About 12,000 acres behind the 18-mile-long levee, mostly planted in corn and soybeans, were flooding Thursday morning though no homes appeared to be in danger in the thinly populated area.
Maintenance on the levee was abandoned years ago after another, higher levee was built farther back off the river.
(Excerpt) Read more at wwl.com ...
I suspect the current flood is about equal to the 1927 flood in water flow, but not gauge height, as the 27 flood had many levee breaks that would have mitigated the flooding downstream of those locations.
I’m gonna see if I can find some flow numbers of the 27 flood. The science may not have been that exact back then.

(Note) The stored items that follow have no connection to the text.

(* Let $\{\mathcal{N}(\mathbf{t}),\ \mathbf{t}\in\mathbb{R}^d_+\}$ be a multiparameter Poisson process with transition parameter $\boldsymbol{\Lambda}=(\lambda_1,\dots,\lambda_d)$, $\lambda_i>0$. Then for $\mathbf{0}\prec\mathbf{r}\preceq\mathbf{s}\preceq\mathbf{t}$ and $m\ge1$, $$\mathbb{E}\{\mathcal{N}(\mathbf{r})\mathcal{N}(\mathbf{s})\mid\mathcal{N}(\mathbf{t})=m\}=\frac{m\,\boldsymbol{\Lambda}\cdot\mathbf{r}}{\boldsymbol{\Lambda}\cdot\mathbf{t}}+m(m-1)\frac{(\boldsymbol{\Lambda}\cdot\mathbf{r})(\boldsymbol{\Lambda}\cdot\mathbf{s})}{(\boldsymbol{\Lambda}\cdot\mathbf{t})^2}.$$
   Context: On $\mathbb{R}^d_+$ use the componentwise partial order $\preceq$, with $\prec$ the strict relation; $\boldsymbol{\Lambda}\cdot\mathbf{t}=\sum_i\lambda_it_i$. A multiparameter Poisson process with transition parameter $\boldsymbol{\Lambda}$ is a nonnegative-integer-valued random field on $\mathbb{R}^d_+$ with $\mathcal{N}(\mathbf{0})=0$, nondecreasing in $\preceq$, with independent increments along chains $\mathbf{0}=\mathbf{t}^{(0)}\prec\dots\prec\mathbf{t}^{(m)}$, stationary increments ($\mathcal{N}(\mathbf{t})-\mathcal{N}(\mathbf{s})\overset{d}{=}\mathcal{N}(\mathbf{t}-\mathbf{s})$ for $\mathbf{s}\preceq\mathbf{t}$), and $\mathcal{N}(\mathbf{t})\sim$ Poisson$(\boldsymbol{\Lambda}\cdot\mathbf{t})$. *)

theory Defs
  imports "HOL-Probability.Probability"
begin

text \<open>Points of R^d are vectors of type real^'d ('d a finite index type, d = CARD('d)).
  Componentwise partial order and its strict version (preceq and not equal).\<close>

definition vpreceq :: "real^'d \<Rightarrow> real^'d \<Rightarrow> bool" (infix "\<preceq>\<^sub>v" 50) where
  "x \<preceq>\<^sub>v y \<longleftrightarrow> (\<forall>i. x $ i \<le> y $ i)"

definition vprec :: "real^'d \<Rightarrow> real^'d \<Rightarrow> bool" (infix "\<prec>\<^sub>v" 50) where
  "x \<prec>\<^sub>v y \<longleftrightarrow> x \<preceq>\<^sub>v y \<and> x \<noteq> y"

text \<open>Multiparameter Poisson process on R^d_+ (only points t with 0 preceq t matter)
  with transition parameter Lam; Lam \<bullet> t = sum_i lambda_i t_i.\<close>

definition multiparam_poisson ::
  "'a measure \<Rightarrow> (real^'d \<Rightarrow> 'a \<Rightarrow> nat) \<Rightarrow> real^'d \<Rightarrow> bool" where
  "multiparam_poisson M N Lam \<longleftrightarrow>
     prob_space M \<and>
     (\<forall>t. 0 \<preceq>\<^sub>v t \<longrightarrow> N t \<in> measurable M (count_space UNIV)) \<and>
     (\<forall>\<omega>\<in>space M. N 0 \<omega> = 0) \<and>
     (\<forall>s t. 0 \<preceq>\<^sub>v s \<longrightarrow> s \<preceq>\<^sub>v t \<longrightarrow> (\<forall>\<omega>\<in>space M. N s \<omega> \<le> N t \<omega>)) \<and>
     (\<forall>(ts :: nat \<Rightarrow> real^'d) n. ts 0 = 0 \<longrightarrow> (\<forall>k<n. ts k \<prec>\<^sub>v ts (Suc k)) \<longrightarrow>
        prob_space.indep_vars M (\<lambda>_. count_space UNIV)
          (\<lambda>k \<omega>. N (ts k) \<omega> - N (ts (k - 1)) \<omega>) {1..n}) \<and>
     (\<forall>s t. 0 \<preceq>\<^sub>v s \<longrightarrow> s \<preceq>\<^sub>v t \<longrightarrow>
        distr M (count_space UNIV) (\<lambda>\<omega>. N t \<omega> - N s \<omega>) =
        distr M (count_space UNIV) (N (t - s))) \<and>
     (\<forall>t. 0 \<preceq>\<^sub>v t \<longrightarrow> (\<forall>k::nat.
        measure M {\<omega>\<in>space M. N t \<omega> = k} =
          exp (- (Lam \<bullet> t)) * (Lam \<bullet> t) ^ k / fact k))"

definition cond_exp_event :: "'a measure \<Rightarrow> ('a \<Rightarrow> real) \<Rightarrow> 'a set \<Rightarrow> real" where
  "cond_exp_event M X A = (\<integral>\<omega>. indicator A \<omega> * X \<omega> \<partial>M) / measure M A"

end

theory Submission
  imports Defs
begin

I would imagine that the 1927 flood was much greater, and the apparent approach of the current flood to its dimensions is solely produced by the restriction of the modern river channel.
This idea is suggested to me by the substantial drop in the gauge height at Greenville due to the very limited release of water at Lake Providence. In 1927, the river was sixty miles wide in places, as we read. I’d love to see a MODIS AQUA image of that one.
The “project flood” is designed for a flow rate of about 3 million ft3/sec at Red River Landing.
http://www.mvn.usace.army.mil/pao/bro/misstrib.htm
It says that is 29% greater than 1927, which would put the 1927 flood at about 2.2 million ft3/sec at that location. We’re pretty close to that flow right now.
The 1927 flood was definitely mitigated by levee failures which absorbed flow that otherwise would have flowed down the main channel.
Perhaps this flood is the 1927 equal in some locations, but not others. This one had a pretty good inflow from the Arkansas River a couple of weeks ago.
I’m still looking for flow numbers for 1927.